Not all SaaS companies have equal margins. Today I wanted to go through each of our products and talk through net margins. It's useful to get a sense of what margins could look like. I also threw in a small productized service to compare it against.
Screenshot API - SaaS
Screenshot API did ~$1,250 last month. We've tripled it since we bought it, but this product in particular has high operating costs (servers). It cost us around $440 last month to run the service.
The problem is that taking these screenshots takes a lot of (cpu) time, and since we have it set up to autoscale, our costs increase with the number of requests.
We didn't catch this in diligence because through diligence we failed to understand some of the architectural shortcomings of the product.
Also, our primary growth channel for screenshot is google ads. This is also (obviously) expensive, but is actually still revenue positive for us. We can pull this lever up or down to help with costs but until we find a better channel, this one is going to stay.
So back to the numbers:
- Topline: $1,250
- Servers: $440
- Marketing: $250
- Net: ~$560
- Profit Margin: 44.8%
When you hear SaaS, you typically think 70-90% gross margins. That's not always the case. In this instance, we have particularly high costs to perform the service. That's both a technical problem (we can solve it with code) and also a business problem.
Toybox - SaaS
Toybox has been technically challenging for us. The codebase we bought was falling over itself and we've had to drop a lot of time and cash into fixing that. When we bought it, there were close to $2k in server costs hosting on Heroku (don't get me started on Heroku... it's like crack, feels good for a little while, but ultimately will kill you). We just moved it to Google and lo and behold looks like we'll be under $300 in hosting costs. A huge improvement. With the new server costs in mind let's take a look at the numbers.
- Topline: ~$6000
- Servers: $300
- Marketing: $0 - working on this!
- Net: ~$5500
- Profit Margin: 91.66%
Low 90's feels about right for this one. There are a lot of users, and a lot of rich media (images, etc) but ultimately the product is a simple bug reporting and feedback tool that isn't doing anything crazy on the back end.
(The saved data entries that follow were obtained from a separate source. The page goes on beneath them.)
lemma free_part_add: "free_part (x + y) = free_part x + free_part y"
  and free_part_diff: "free_part (x - y) = free_part x - free_part y"
  and int_vec_free_part: "int_vec x \<Longrightarrow> int_vec (free_part x)"
  by (simp_all add: free_part_def vec_eq_iff int_vec_def)

lemma free_part_borel_measurable[measurable]: "free_part \<in> borel_measurable borel"
  unfolding free_part_def by measurable

lemma chart_borel_measurable[measurable]: "chart u \<in> borel_measurable borel"
  unfolding chart_def[abs_def] by measurable

lemma chart_in_torus_ker: "int_vec (A *v u) \<Longrightarrow> chart u x \<in> torus_ker L"
proof -
  assume u: "int_vec (A *v u)"
  have "A *v (free_part x + u - R *v (A *v free_part x)) = A *v u"
    by (simp add: matrix_vector_right_distrib matrix_vector_mult_diff_distrib realmat_mult_R)
  then have "int_vec (A *v (free_part x + u - R *v (A *v free_part x)))"
    using u by simp
  then show ?thesis
    by (simp add: mem_torus_ker_iff chart_def frac_vec_in_torus int_vec_realmat_mult_frac_vec)
qed

lemma finite_pivot_supported_int_bounded:
  "finite {u. pivot_supported u \<and> int_vec (A *v u) \<and> (\<forall>i. \<bar>u$i\<bar> \<le> c)}"
proof -
  let ?K = "{k. \<forall>j. k$j \<in> \<int> \<and> \<bar>k$j\<bar> \<le> abs_entry_sum A * c}"
  have "{u. pivot_supported u \<and> int_vec (A *v u) \<and> (\<forall>i. \<bar>u$i\<bar> \<le> c)} \<subseteq> (\<lambda>k. R *v k) ` ?K"
  proof
    fix u assume u: "u \<in> {u. pivot_supported u \<and> int_vec (A *v u) \<and> (\<forall>i. \<bar>u$i\<bar> \<le> c)}"
    then have "A *v u \<in> ?K"
      by (auto simp: int_vec_def intro: abs_matrix_vector_mult_le)
    moreover have "u = R *v (A *v u)" using R_realmat_mult u by simp
    ultimately show "u \<in> (\<lambda>k. R *v k) ` ?K" by blast
  qed
  then show ?thesis using finite_bounded_int_vecs by (rule finite_subset[OF _ finite_imageI])
qed

lemma finite_offsets: "finite offsets"
proof -
  have "\<bar>u$i\<bar> \<le> 1" if "u \<in> offsets" for u i
  proof -
    have "0 \<le> u$i" "u$i < 1" using that by (auto simp: offsets_def torus_def)
    then show ?thesis by simp
  qed
  then show ?thesis
    by (intro finite_subset[OF _ finite_pivot_supported_int_bounded[of 1]]) (auto simp: offsets_def)
qed

lemma zero_in_offsets: "0 \<in> offsets"
  by (simp add: offsets_def torus_def pivot_supported_def int_vec_def)

definition indicator_vec :: "'m set \<Rightarrow> real^'m" where
  "indicator_vec W = (\<chi> i. if i \<in> W then 1 else 0)"

definition offset_shift :: "real^'m \<Rightarrow> 'm set \<Rightarrow> real^'m" where
  "offset_shift a W = (a - free_part a) + R *v (A *v free_part a) - R *v (A *v free_part (indicator_vec W))"

definition offset_step :: "real^'m \<Rightarrow> 'm set \<Rightarrow> real^'m \<Rightarrow> real^'m" where
  "offset_step a W u = frac_vec (u + offset_shift a W)"

lemma chart_wrap_shift:
  assumes a: "a \<in> torus"
  shows "chart (offset_step a W u) (x + wrap_shift a W) = tplus a (chart u x)"
proof -
  let ?y = "u + offset_shift a W"
  let ?n = "?y - frac_vec ?y"
  have wrap: "wrap_shift a W = a - indicator_vec W"
    using a by (simp add: wrap_shift_def torus_def indicator_vec_def vec_eq_iff)
  have "chart (offset_step a W u) (x + wrap_shift a W) =
      frac_vec (free_part x + free_part a - free_part (indicator_vec W) + (?y - ?n)
        - R *v (A *v (free_part x + free_part a - free_part (indicator_vec W))))"
    by (simp add: chart_def offset_step_def wrap free_part_add free_part_diff add_diff_eq)
  also have "\<dots> = frac_vec ((a + (free_part x + u - R *v (A *v free_part x))) + (- free_part (indicator_vec W) - ?n))"
  proof -
    have d: "R *v (A *v (free_part x + free_part a - free_part (indicator_vec W))) =
        R *v (A *v free_part x) + R *v (A *v free_part a) - R *v (A *v free_part (indicator_vec W))"
      by (simp add: matrix_vector_right_distrib matrix_vector_mult_diff_distrib)
    have "\<And>(p::real^'m) q r u a s t n X. p + q - r + ((u + (a - q + s - t)) - n) - (X + s - t)
        = (a + (p + u - X)) + (- r - n)"
      by (simp add: algebra_simps)
    then show ?thesis
      unfolding d offset_shift_def by (rule arg_cong[where f=frac_vec])
  qed
  also have "\<dots> = frac_vec (a + (free_part x + u - R *v (A *v free_part x)))"
  proof (rule frac_vec_add_int_vec)
    have "int_vec (indicator_vec W)" by (simp add: int_vec_def indicator_vec_def)
    then show "int_vec (- free_part (indicator_vec W) - ?n)"
      using int_vec_diff_frac_vec[of ?y] int_vec_free_part by (simp add: int_vec_def)
  qed
  also have "\<dots> = tplus a (chart u x)"
    by (simp add: tplus_eq_frac_vec chart_def frac_vec_add_frac_vec)
  finally show ?thesis .
qed

lemma offset_step_in_offsets:
  assumes a: "a \<in> torus_ker L" and u: "u \<in> offsets"
  shows "offset_step a W u \<in> offsets"
proof -
  let ?y = "u + offset_shift a W"
  have "pivot_supported ?y"
    using u unfolding offsets_def offset_shift_def
    by (intro pivot_supported_add pivot_supported_diff pivot_supported_diff_free_part pivot_supported_R) auto
  moreover have "A *v ?y = A *v u + A *v a - A *v free_part (indicator_vec W)"
    by (simp add: offset_shift_def matrix_vector_right_distrib matrix_vector_mult_diff_distrib realmat_mult_R)
  moreover have "int_vec (A *v free_part (indicator_vec W))"
    by (intro int_vec_realmat_mult int_vec_free_part) (simp add: int_vec_def indicator_vec_def)
  ultimately show ?thesis
    using u a int_vec_realmat_mult_frac_vec[of L ?y] frac_vec_in_torus
    by (auto simp: offsets_def offset_step_def mem_torus_ker_iff pivot_supported_frac_vec
        intro!: int_vec_add int_vec_diff)
qed

lemma inj_on_offset_step: "inj_on (offset_step a W) torus"
proof
  fix u v assume u: "u \<in> torus" and v: "v \<in> torus" and eq: "offset_step a W u = offset_step a W v"
  have "u$i = v$i" for i
  proof -
    have "frac (u$i + offset_shift a W $i) = frac (v$i + offset_shift a W $i)"
      using eq by (simp add: offset_step_def frac_vec_def vec_eq_iff)
    then obtain n :: int where n: "u$i + offset_shift a W $i = v$i + offset_shift a W $i + n"
      by (rule frac_eqE)
    moreover have "0 \<le> u$i" "u$i < 1" "0 \<le> v$i" "v$i < 1" using u v by (auto simp: torus_def)
    ultimately have "n = 0" by linarith
    with n show ?thesis by simp
  qed
  then show "u = v" by (simp add: vec_eq_iff)
qed

lemma bij_betw_offset_step:
  assumes "a \<in> torus_ker L"
  shows "bij_betw (offset_step a W) offsets offsets"
proof -
  have inj: "inj_on (offset_step a W) offsets"
    using inj_on_offset_step by (rule inj_on_subset) (auto simp: offsets_def)
  moreover have "offset_step a W ` offsets = offsets"
    using offset_step_in_offsets[OF assms] by (intro endo_inj_surj[OF finite_offsets _ inj]) blast
  ultimately show ?thesis by (simp add: bij_betw_def)
qed

lemma chart_pair_measurable:
  "(\<lambda>(u, x). chart u x) \<in> uniform_count_measure offsets \<Otimes>\<^sub>M uniform_measure lborel torus \<rightarrow>\<^sub>M borel"
proof -
  have sets_eq: "sets (uniform_count_measure offsets \<Otimes>\<^sub>M uniform_measure lborel torus) =
      sets (count_space offsets \<Otimes>\<^sub>M borel)"
    by (rule sets_pair_measure_cong) (simp_all add: sets_uniform_count_measure_count_space)
  have "(\<lambda>(u, x). chart u x) \<in> count_space offsets \<Otimes>\<^sub>M borel \<rightarrow>\<^sub>M borel"
    by (rule measurable_pair_measure_countable1) (auto simp: countable_finite[OF finite_offsets])
  then show ?thesis by (simp add: measurable_cong_sets[OF sets_eq refl])
qed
We haven't figured out a decent marketing channel yet for toybox. We're a small team and generally only get to focus on one thing per company at a time, and since engineering was the biggest problem, we haven't really looked at growth yet. We'll be doing some experiments with Cold Email this month and can hopefully find some messaging that resonates.
Sheet.Best - SaaS
Sheet best is awesome. I keep using it for personal projects and it's so simple I kick myself for not having thought of this idea first... that's alright, we bought it instead.
Sheet best is growing like a week. We get ~100 new users a day. So far we've doubled it and really haven't done much in the way of marketing (lucky).
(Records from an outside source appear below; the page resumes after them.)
lemma det_mat_3:
  fixes f :: "nat \<times> nat \<Rightarrow> 'a::comm_ring_1"
  shows "det (mat 3 3 f) =
    f (0,0) * (f (1,1) * f (2,2) - f (1,2) * f (2,1))
  - f (0,1) * (f (1,0) * f (2,2) - f (1,2) * f (2,0))
  + f (0,2) * (f (1,0) * f (2,1) - f (1,1) * f (2,0))"
  by (simp add: numeral_3_eq_3 numeral_2_eq_2 det_mat_Suc det_mat_1)

lemma det_mat_4:
  fixes f :: "nat \<times> nat \<Rightarrow> 'a::comm_ring_1"
  shows "det (mat 4 4 f) =
    f (0,0) * det (mat 3 3 (\<lambda>(a, b). f (Suc a, [1,2,3] ! b)))
  - f (0,1) * det (mat 3 3 (\<lambda>(a, b). f (Suc a, [0,2,3] ! b)))
  + f (0,2) * det (mat 3 3 (\<lambda>(a, b). f (Suc a, [0,1,3] ! b)))
  - f (0,3) * det (mat 3 3 (\<lambda>(a, b). f (Suc a, [0,1,2] ! b)))"
proof -
  have "det (mat 4 4 f) = (\<Sum>j<4. (-1)^j * f (0, j) *
     det (mat 3 3 (\<lambda>(a, b). f (Suc a, if b < j then b else Suc b))))"
    using det_mat_Suc[of 3 f] by simp
  then show ?thesis
    unfolding det_mat_3 by (simp add: eval_nat_numeral)
qed

lemma det_permute_rows_cols:
  assumes A: "A \<in> carrier_mat n n"
    and p: "p permutes {0..<n}" and q: "q permutes {0..<n}"
  shows "det (mat n n (\<lambda>(i, j). A $$ (p i, q j))) = signof p * signof q * det A"
proof -
  define B where "B = mat n n (\<lambda>(i, j). A $$ (i, q j))"
  have B: "B \<in> carrier_mat n n" by (simp add: B_def)
  have "B\<^sup>T = mat n n (\<lambda>(i, j). A\<^sup>T $$ (q i, j))"
    using A q by (auto simp: B_def permutes_in_image intro!: eq_matI)
  then have "det B = signof q * det A"
    using det_permute_rows[of "A\<^sup>T" n q] det_transpose[OF A] det_transpose[OF B] A q by simp
  moreover have "mat n n (\<lambda>(i, j). A $$ (p i, q j)) = mat n n (\<lambda>(i, j). B $$ (p i, j))"
    using p by (auto simp: B_def permutes_in_image intro!: eq_matI)
  ultimately show ?thesis
    using det_permute_rows[OF B p] by simp
qed

lemma bij_betw_pick:
  assumes "finite I"
  shows "bij_betw (pick I) {..<card I} I"
proof -
  have "strict_mono_on {..<card I} (pick I)"
    by (auto intro: strict_mono_onI pick_mono)
  then have inj: "inj_on (pick I) {..<card I}"
    by (rule strict_mono_on_imp_inj_on)
  moreover have "pick I ` {..<card I} \<subseteq> I"
    using pick_in_set by auto
  then have "pick I ` {..<card I} = I"
    using card_subset_eq[OF assms] card_image[OF inj] by simp
  ultimately show ?thesis
    by (simp add: bij_betw_def)
qed

lemma bij_betw_factor_permutes:
  fixes n :: nat
  assumes f: "bij_betw f {..<n} B" and g: "bij_betw g {..<n} B"
  obtains p where "p permutes {0..<n}" "\<And>a. a < n \<Longrightarrow> f (p a) = g a"
proof
  let ?p = "\<lambda>a. if a < n then inv_into {..<n} f (g a) else a"
  have "bij_betw (inv_into {..<n} f \<circ> g) {..<n} {..<n}"
    using bij_betw_trans[OF g bij_betw_inv_into[OF f]] .
  then have "bij_betw ?p {..<n} {..<n}"
    by (rule bij_betw_cong[THEN iffD1, rotated]) auto
  then show "?p permutes {0..<n}"
    unfolding atLeast0LessThan by (rule bij_imp_permutes) simp_all
  show "f (?p a) = g a" if "a < n" for a
    using that bij_betw_apply[OF g] bij_betw_imp_surj_on[OF f] by (simp add: f_inv_into_f)
qed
Let's take a look at the numbers:
- Topline: ~$1,200
- Servers: $40
- Marketing: $0 - working on this!
- Net: ~$1150
- Profit Margin: 95.83%
We've gotten lucky so far. This product gets written about and grows organically. It's the best, but it also might run out at any time and we're not prepared for solid outbound for it yet. Also the servers could use a little beefing up before we'd be ready to double again, but for now sheet best just keeps chugging along.
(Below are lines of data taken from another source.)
text \<open>
  Upper bounds come from weak duality using only the constraint \<open>i = 2\<close>: \<open>\<overline>\<Lambda>(n;a) \<le> Y\<close>
  as soon as \<open>K\<^sub>k(0) + (1/a - 1 - Y) K\<^sub>k(1) + Y K\<^sub>k(2) \<ge> 0\<close> for all \<open>k\<close>. By the closed
  forms of \<open>K\<^sub>k(1)\<close> and \<open>K\<^sub>k(2)\<close> this is a quadratic condition in \<open>n - 2k\<close>; it holds for
  every \<open>n\<close> with \<open>Y = 1/(2a) - 1\<close> when \<open>a \<ge> 1/4\<close>, and for large \<open>n\<close> with any \<open>Y\<close> whose
  discriminant \<open>(1/a - 1 - Y)\<^sup>2 - 4Y\<close> is negative, i.e. any \<open>Y\<close> slightly above \<open>\<theta>(a)\<close> when
  \<open>a < 1/4\<close>.

  Lower bounds come from primal points. Putting mass \<open>1/2\<close> on \<open>k = n\<close> gives \<open>1/(2a) - 1\<close>.
  The geometric points \<open>x\<^sub>k \<propto> z\<^sup>k\<close> are evaluated with the generating function
  \<open>\<Sum>\<^sub>k K\<^sub>k(i) z\<^sup>k = (1 - z)\<^sup>i (1 + z)\<^sup>n\<^sup>-\<^sup>i\<close>: with \<open>r = (1 - z)/(1 + z) \<in> (-1, 0)\<close> the constraints
  reduce to \<open>r\<^sup>i \<le> r\<^sup>2\<close>, and the objective tends to \<open>(1 + (1/a - 1) r)/(r - r\<^sup>2)\<close>, which equals
  \<open>\<theta>(a)\<close> for \<open>r = -\<surd>a/(1 - \<surd>a)\<close>.
\<close>

lemma kraw_of_nat:
  assumes "i \<le> n"
  shows "kraw n k (real i) = (\<Sum>j=0..k. (-1)^j * real (i choose j) * real ((n-i) choose (k-j)))"
  unfolding kraw_def
proof (rule sum.cong[OF refl])
  fix j
  have "real n - real i = real (n - i)" using assms by (simp add: of_nat_diff)
  then show "(-1)^j * (real i gchoose j) * ((real n - real i) gchoose (k - j)) =
     (-1)^j * real (i choose j) * real ((n-i) choose (k-j))"
    by (simp only: binomial_gbinomial)
qed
Cold Email Studio - Productized Service
I also have a little marketing agency. Let's take a look at those numbers just to put things into perspective:
- Topline: ~$20,150
- Servers: $0
- Marketing: $0
- Other Costs: $500
- People: $12000
- Net: ~$7650
- Profit Margin: 37.9%
A few things could be misleading here. Our topline includes our regular MRR plus we sold a quarterly plan so actually that money can't all be recognized as profit since I have to pay wages against it in the future. We do our own outbound stuff so that's zero, but still, that cost is baked in to our people cost.
There are plenty of industries that would kill for a ~40% margin. But compared to even a 'Bad' SaaS, the margins are still low. This doesn't mean it's a bad business. It's a great little business that I have no doubt will reach $1M ARR next year.
I wanted to put this in here to give you some real numbers against real companies. It's not necessarily a bad thing to have lower margins. You might, for example, be able to make it up in volume. Different margins just mean a different kind of business.
Profit margins even amongst SaaS companies can be wildly different. I often point friends to read The New Business of AI to see just how hard it can be to build an AI SaaS with margins that look similar to 'traditional' SaaS apps (like Toybox). That's been my experience too, my last co was a machine learning SaaS that had much lower than 90% margins. Functionally, the margins looked much more like a service company than a SaaS company.
Overall though the margin doesn't matter that much without the context of volume. Low margin high volume can be = to high margin low volume. So take these numbers with a grain of salt, but it's always nice to look at real numbers just to be aware of what kind of business you actually have.